● **EXERCISE REQUIREMENTS**
In the records below, find each line that holds "blast" and return it.

● **SOURCE MATERIAL**
[Start of Attachment]
(* Let $V$ be an $n$-dimensional vector space over a field of characteristic zero, $n\neq 4$, and let $A^{ab}$ and $B_{ab}$ be 2-forms with $\operatorname{rank}A\leq 4$. Let $T=T^a{}_b\{A,B\}=A^{ac}B_{bc}-\frac14 A^{cd}B_{cd}\delta^a_b$. Then $$\Bigl(T^2-\frac14[T^2]+\frac{1}{4(n-4)}[T]^2\Bigr)\Bigl(T-\frac{1}{n-4}[T]\Bigr)=0.$$
   Context: Index-free notation for $(1,1)$-tensors: products denote composition, $[X]=X^c{}_c$ is the trace, and a scalar term is understood as multiplied by the identity $\delta^a_b$. The rank of a 2-form $A^{ab}$ is the dimension of the subspace spanned by the vectors $A^{ab}\omega_b$ as $\omega$ ranges over the dual space (equivalently the least number of linearly independent vectors needed to construct $A$). No metric is assumed. *)

theory Defs
  imports "HOL-Analysis.Analysis"
begin

text \<open>Matrices over a field represent tensors in a basis of V (dim V = CARD('n)).
  A 2-form A^{ab} (contravariant) and B_{ab} (covariant) are antisymmetric matrices.\<close>

definition skew :: "'a::field^'n^'n \<Rightarrow> bool" where
  "skew A \<longleftrightarrow> transpose A = - A"

definition form_rank :: "'a::field^'n^'n \<Rightarrow> nat" where
  "form_rank A = vec.dim (range (\<lambda>w. A *v w))"

definition Tmat :: "'a::field^'n^'n \<Rightarrow> 'a^'n^'n \<Rightarrow> 'a^'n^'n" where
  "Tmat A B = A ** transpose B - mat (trace (A ** transpose B) / 4)"

end

theory Submission
  imports Defs
begin

(* Put M = A B^T, so that T = M - [M]/4. Once T is expressed through M the factor n - 4
   cancels, and the claimed cubic in T becomes q(M) M with
   q(N) = N^2 - ([N]/2) N + [N]^2/8 - [N^2]/4.
   Since rank A <= 4, A = E R E^T with R a skew 4 x 4 matrix; then M = E K with K E = R C,
   C = E^T B^T E again skew 4 x 4, and q(M) M = E q(R C) K. Finally q(R C) = 0 for any two
   skew 4 x 4 matrices R and C, by direct expansion. *)

lemma matrix_add_rdistrib: "((X :: 'a::semiring_1^'k^'m) + Y) ** Z = X ** Z + Y ** Z"
  by (simp add: vec_eq_iff matrix_matrix_mult_def algebra_simps sum.distrib)

lemma matrix_diff_rdistrib: "((X :: 'a::ring_1^'k^'m) - Y) ** Z = X ** Z - Y ** Z"
  by (simp add: vec_eq_iff matrix_matrix_mult_def algebra_simps sum_subtractf)

lemma matrix_diff_ldistrib: "(X :: 'a::ring_1^'k^'m) ** (Y - Z) = X ** Y - X ** Z"
  by (simp add: vec_eq_iff matrix_matrix_mult_def algebra_simps sum_subtractf)

lemma matrix_neg_left: "(- X :: 'a::ring_1^'k^'m) ** Y = - (X ** Y)"
  by (simp add: vec_eq_iff matrix_matrix_mult_def sum_negf)

lemma matrix_neg_right: "(X :: 'a::ring_1^'k^'m) ** (- Y) = - (X ** Y)"
  by (simp add: vec_eq_iff matrix_matrix_mult_def sum_negf)

lemma transpose_neg: "transpose (- X :: 'a::ring_1^'k^'m) = - transpose X"
  by (simp add: vec_eq_iff transpose_def)

lemma mat_matrix_mult: "mat a ** (X :: 'a::semiring_1^'k^'m) = (\<chi> i j. a * X $ i $ j)"
  by (simp add: vec_eq_iff matrix_matrix_mult_def mat_def if_distrib if_distribR sum.delta
      cong: if_cong)

lemma matrix_mult_mat_commute: "(X :: 'a::comm_semiring_1^'k^'m) ** mat a = mat a ** X"
  by (simp add: vec_eq_iff matrix_matrix_mult_def mat_def mat_matrix_mult if_distrib if_distribR
      sum.delta' mult.commute cong: if_cong)

lemma mat_mult_mat: "mat a ** mat b = (mat (a * b) :: 'a::semiring_1^'n^'n)"
  unfolding mat_matrix_mult by (simp add: vec_eq_iff mat_def)

lemma trace_mat: "trace (mat a :: 'a::semiring_1^'n^'n) = of_nat CARD('n) * a"
  unfolding trace_def mat_def by simp

lemma trace_mat_matrix_mult: "trace (mat a ** (X :: 'a::semiring_1^'n^'n)) = a * trace X"
  by (simp add: mat_matrix_mult trace_def sum_distrib_left)

lemma matrix_vector_mult_axis: "(A :: 'a::semiring_1^'k^'m) *v axis j 1 = column j A"
  by (simp add: vec_eq_iff matrix_vector_mult_def column_def axis_def if_distrib cong: if_cong)

lemma skew_entry: "skew R \<Longrightarrow> R $ j $ i = - R $ i $ j"
  unfolding skew_def by (drule arg_cong[where f = "\<lambda>X. X $ i $ j"]) (simp add: transpose_def)

lemma skew_diag: "skew (R :: 'a::field_char_0^'n^'n) \<Longrightarrow> R $ i $ i = 0"
  using skew_entry[of R i i] by simp

lemma skew_transpose: "skew R \<Longrightarrow> skew (transpose R)"
  by (simp add: skew_def transpose_neg)

lemma skew_congruence:
  fixes P :: "'a::field^'n^'k"
  shows "skew R \<Longrightarrow> skew (P ** R ** transpose P)"
  by (simp add: skew_def matrix_transpose_mul matrix_neg_left matrix_neg_right matrix_mul_assoc)

lemma column_space_retraction:
  fixes A :: "'a::field^'m^'n"
  assumes "vec.dim (range (\<lambda>w. A *v w)) \<le> CARD('k)"
  obtains E :: "'a^'k^'n" and P :: "'a^'n^'k" where "E ** P ** A = A"
proof -
  obtain Bs where Bs: "vec.independent Bs" "range (\<lambda>w. A *v w) \<subseteq> vec.span Bs"
      "card Bs = vec.dim (range (\<lambda>w. A *v w))"
    using vec.basis_exists by blast
  have "finite Bs" using Bs(1) vec.finiteI_independent by blast
  then obtain g :: "'a^'n \<Rightarrow> 'k" where g: "inj_on g Bs"
    using card_le_inj[of Bs "UNIV :: 'k set"] Bs(3) assms by auto
  obtain Q :: "'a^'n \<Rightarrow> 'a^'k" where Q: "Vector_Spaces.linear (*s) (*s) Q"
      "\<And>b. b \<in> Bs \<Longrightarrow> Q b = axis (g b) 1"
    using vec.linear_independent_extend[OF Bs(1), of "\<lambda>b. axis (g b) 1"] by blast
  \<comment> \<open>P sends a basis vector b of the column space to the unit vector at g b; E sends it back.\<close>
  define E :: "'a^'k^'n" where "E = (\<chi> i j. if j \<in> g ` Bs then inv_into Bs g j $ i else 0)"
  define P where "P = matrix Q"
  have "(E ** P) *v b = b" if "b \<in> Bs" for b
  proof -
    have "(E ** P) *v b = E *v axis (g b) 1"
      by (simp add: P_def matrix_works[OF Q(1)] matrix_vector_mul_assoc[symmetric] Q(2) that)
    also have "\<dots> = b"
      using that g by (simp add: matrix_vector_mult_axis column_def E_def vec_eq_iff)
    finally show ?thesis .
  qed
  then have EP: "(E ** P) *v y = y" if "y \<in> vec.span Bs" for y
    using vec.linear_eq_on[OF matrix_vector_mul_linear_gen vec.linear_id that] by simp
  have "E ** P ** A = A"
    by (rule matrix_eq[THEN iffD2])
      (use Bs(2) EP in \<open>auto simp: matrix_vector_mul_assoc[symmetric]\<close>)
  then show thesis by (rule that)
qed

lemma skew_factor_through_rank:
  fixes A :: "'a::field^'n^'n"
  assumes "skew A" and "form_rank A \<le> CARD('k)"
  obtains E :: "'a^'k^'n" and R :: "'a^'k^'k" where "A = E ** R ** transpose E" and "skew R"
proof -
  obtain E :: "'a^'k^'n" and P where EPA: "E ** P ** A = A"
    using assms(2) unfolding form_rank_def by (rule column_space_retraction)
  have "- A ** transpose P ** transpose E = - A"
    using arg_cong[OF EPA, of transpose] assms(1)
    by (simp only: skew_def matrix_transpose_mul matrix_mul_assoc)
  then have "A ** transpose P ** transpose E = A"
    by (simp add: matrix_neg_left)
  then have "A = E ** (P ** A ** transpose P) ** transpose E"
    using EPA by (simp add: matrix_mul_assoc)
  then show thesis
    using skew_congruence[OF assms(1)] by (rule that)
qed

(* The eigenvalues of a product of two skew 4 x 4 matrices come in pairs a, a, b, b;
   pair_quadratic N is then (N - a)(N - b), with ab = [N]^2/8 - [N^2]/4. *)
definition pair_quadratic :: "'a::field^'n^'n \<Rightarrow> 'a^'n^'n" where
  "pair_quadratic N =
     N ** N - mat (trace N / 2) ** N + mat (trace N ^ 2 / 8 - trace (N ** N) / 4)"

lemma skew4_mult_pair_quadratic:
  fixes R C :: "'a::field_char_0^4^4"
  assumes "skew R" and "skew C"
  shows "pair_quadratic (R ** C) = 0"
proof -
  have entries: "X$2$1 = - X$1$2" "X$3$1 = - X$1$3" "X$4$1 = - X$1$4"
    "X$3$2 = - X$2$3" "X$4$2 = - X$2$4" "X$4$3 = - X$3$4"
    "X$1$1 = 0" "X$2$2 = 0" "X$3$3 = 0" "X$4$4 = 0" if "skew X" for X :: "'a^4^4"
    by (rule skew_entry[OF that] skew_diag[OF that])+
  show ?thesis
    unfolding pair_quadratic_def mat_matrix_mult
    apply (simp add: vec_eq_iff forall_4 matrix_matrix_mult_def sum_4 mat_def trace_def
        entries[OF assms(1)] entries[OF assms(2)])
    apply (intro conjI; algebra)
    done
qed

lemma pair_quadratic_mult_factor:
  fixes E :: "'a::field^'k^'n" and K :: "'a^'n^'k"
  shows "pair_quadratic (E ** K) ** (E ** K) = E ** pair_quadratic (K ** E) ** K"
proof -
  have trace_swap: "trace (E ** K) = trace (K ** E)"
    by (rule trace_mul_sym)
  have trace_sq_swap: "trace (E ** K ** (E ** K)) = trace (K ** E ** (K ** E))"
    using trace_mul_sym[of E "K ** (E ** K)"] by (simp add: matrix_mul_assoc)
  show ?thesis
    unfolding pair_quadratic_def trace_swap trace_sq_swap
    by (simp add: matrix_add_rdistrib matrix_diff_rdistrib matrix_add_ldistrib
        matrix_diff_ldistrib matrix_mul_assoc matrix_mult_mat_commute)
qed

lemma shifted_cubic_eq_pair_quadratic_mult:
  fixes M :: "'a::field_char_0^'n^'n"
  assumes "CARD('n) \<noteq> 4"
  defines "n \<equiv> of_nat CARD('n) :: 'a" and "T \<equiv> M - mat (trace M / 4)"
  shows "(T ** T - mat (trace (T ** T) / 4) + mat (trace T ^ 2 / (4 * (n - 4))))
      ** (T - mat (trace T / (n - 4))) = pair_quadratic M ** M"
proof -
  define t where "t = trace M"
  have "n \<noteq> 4"
    using assms(1) unfolding n_def by (metis of_nat_eq_iff of_nat_numeral)
  then have n4: "n - 4 \<noteq> 0" by simp
  have trace_T: "trace T = - t * (n - 4) / 4"
    unfolding T_def t_def n_def by (simp add: trace_sub trace_mat algebra_simps)
  then have "trace T / (n - 4) = - (t / 4)"
    using n4 by (simp add: field_simps)
  then have linear_factor: "T - mat (trace T / (n - 4)) = M"
    unfolding T_def t_def by (simp add: vec_eq_iff mat_def)
  have T_sq: "T ** T = M ** M - mat (t / 2) ** M + mat (t ^ 2 / 16)"
    unfolding T_def t_def matrix_diff_ldistrib matrix_diff_rdistrib mat_mult_mat
    unfolding matrix_mult_mat_commute
    unfolding mat_matrix_mult
    by (simp add: vec_eq_iff mat_def algebra_simps power2_eq_square)
  have trace_T_sq: "trace (T ** T) = trace (M ** M) - t ^ 2 / 2 + n * t ^ 2 / 16"
    unfolding T_sq n_def
    by (simp add: trace_sub trace_add trace_mat_matrix_mult trace_mat power2_eq_square t_def)
  have coeff: "t ^ 2 / 16 - trace (T ** T) / 4 + trace T ^ 2 / (4 * (n - 4))
      = t ^ 2 / 8 - trace (M ** M) / 4"
    using n4 unfolding trace_T_sq trace_T by (simp add: field_simps power2_eq_square)
  have shifted_square:
    "T ** T - mat a + mat b = M ** M - mat (t / 2) ** M + mat (t ^ 2 / 16 - a + b)" for a b
    unfolding T_sq by (simp add: vec_eq_iff mat_def algebra_simps)
  have quadratic_factor: "T ** T - mat (trace (T ** T) / 4) + mat (trace T ^ 2 / (4 * (n - 4)))
      = pair_quadratic M"
    using shifted_square[of "trace (T ** T) / 4" "trace T ^ 2 / (4 * (n - 4))"]
    unfolding coeff pair_quadratic_def t_def[symmetric] .
  show ?thesis
    unfolding linear_factor quadratic_factor ..
qed

theorem theorem5:
  fixes A B :: "'a::field_char_0^'n^'n"
  assumes "CARD('n) \<noteq> 4"
    and "skew A" and "skew B"
    and "form_rank A \<le> 4"
  shows "(let T = Tmat A B; n = (of_nat CARD('n) :: 'a) in
          (T ** T - mat (trace (T ** T) / 4) + mat (trace T ^ 2 / (4 * (n - 4))))
          ** (T - mat (trace T / (n - 4))) = 0)"
proof -
  have "form_rank A \<le> CARD(4)"
    using assms(4) by simp
  with assms(2) obtain E :: "'a^4^'n" and R where A: "A = E ** R ** transpose E" and "skew R"
    by (rule skew_factor_through_rank)
  define K where "K = R ** transpose E ** transpose B"
  define C where "C = transpose E ** transpose B ** transpose (transpose E)"
  have "skew C"
    unfolding C_def using assms(3) by (intro skew_congruence skew_transpose)
  have "A ** transpose B = E ** K"
    unfolding A K_def by (simp add: matrix_mul_assoc)
  moreover have "K ** E = R ** C"
    unfolding K_def C_def by (simp add: matrix_mul_assoc)
  ultimately have "pair_quadratic (A ** transpose B) ** (A ** transpose B)
      = E ** pair_quadratic (R ** C) ** K"
    by (simp add: pair_quadratic_mult_factor)
  also have "\<dots> = 0"
    using \<open>skew R\<close> \<open>skew C\<close> by (simp add: skew4_mult_pair_quadratic)
  finally show ?thesis
    unfolding Tmat_def Let_def shifted_cubic_eq_pair_quadratic_mult[OF assms(1)] .
qed

end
[End of Attachment]
● **ANSWER TO THIS PROBLEM**
    using vec.basis_exists by blast
  have "finite Bs" using Bs(1) vec.finiteI_independent by blast
    using vec.linear_independent_extend[OF Bs(1), of "\<lambda>b. axis (g b) 1"] by blast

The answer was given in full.